Twenty-nine patients undergoing penetrating keratoplasty (PK) for visual rehabilitation following CLET were included in the study. The regenerated corneal epithelium following autologus and allogenic CLET was evaluated by: light and transmission electron microscopy, immunostaining for the presence of a basement membrane; and expression of the K3 corneal epithelial keratin. For gene expression profiling, basal cells from the corneal buttons were isolated using laser capture microdissection. In some samples the entire epithelium was isolated after EDTA treatment. RNA was analyzed by cDNA microarrays for transcriptional profiling.

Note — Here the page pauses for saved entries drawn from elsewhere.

lemma sum_meeting_pairs_eq_sum_Dv:
  assumes "finite V" "E \<subseteq> V \<times> V" "x1 \<in> V" "x2 \<in> V"
  shows "(\<Sum>(P1, P2)\<in>meeting_pairs E w x1 y1 x2 y2. fP P1 * fP P2) =
    (\<Sum>v\<in>V - {x1, y1} \<inter> {x2, y2}. Dv E w v x1 y1 x2 y2 :: ('v, 'k::comm_ring_1) epoly)"
proof -
  have "finite (Pi_sp E w x1 y1 \<times> Pi_sp E w x2 y2)"
    using finite_Pi_sp[OF assms(1-3)] finite_Pi_sp[OF assms(1,2,4)] by blast
  then have "finite (first_meeting_pairs E w v x1 y1 x2 y2)" for v
    by (rule finite_subset[rotated]) (auto simp: first_meeting_pairs_def)
  moreover have "\<forall>v\<in>V - {x1, y1} \<inter> {x2, y2}. \<forall>v'\<in>V - {x1, y1} \<inter> {x2, y2}. v \<noteq> v' \<longrightarrow>
      first_meeting_pairs E w v x1 y1 x2 y2 \<inter> first_meeting_pairs E w v' x1 y1 x2 y2 = {}"
    by (intro ballI impI first_meeting_pairs_disjoint) (auto dest: DiffD2)
  ultimately show ?thesis
    unfolding meeting_pairs_eq_UN_first_meeting_pairs[OF assms(2,3)] Dv_eq_sum_first_meeting_pairs
    by (intro sum.UNION_disjoint finite_Diff assms(1)) simp_all
qed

Twenty-nine eyes underwent PK at a mean interval of 5.7 (2- 9) months after CLET. An intact corneal epithelium was present in 28 of the 29 samples (96.5 %), with multilayering noted in 25 of the samples (86%). Basement membrane formation as assessed by collagen IV expression and the presence of a hemidesmosomal complex was observed in ~90% of the patients. K3 was expressed in all samples. Persistence ofamniotic membrane was noted in 5 cases. In-vivo survival and stratification of the corneal epithelium was confirmed in all cases (10) that were assessed by clinical confocal microscopy. Transcriptional profiling is in progress.
Use of ex vivo expansion of the limbal epithelial cells for the treatment of LSCD, results in the generation of an epithelium that, for the most part, mimics the corneal epithelium for an extended period of time (~6 months). This therapeutic modality is promising for the long-term management of LSCD.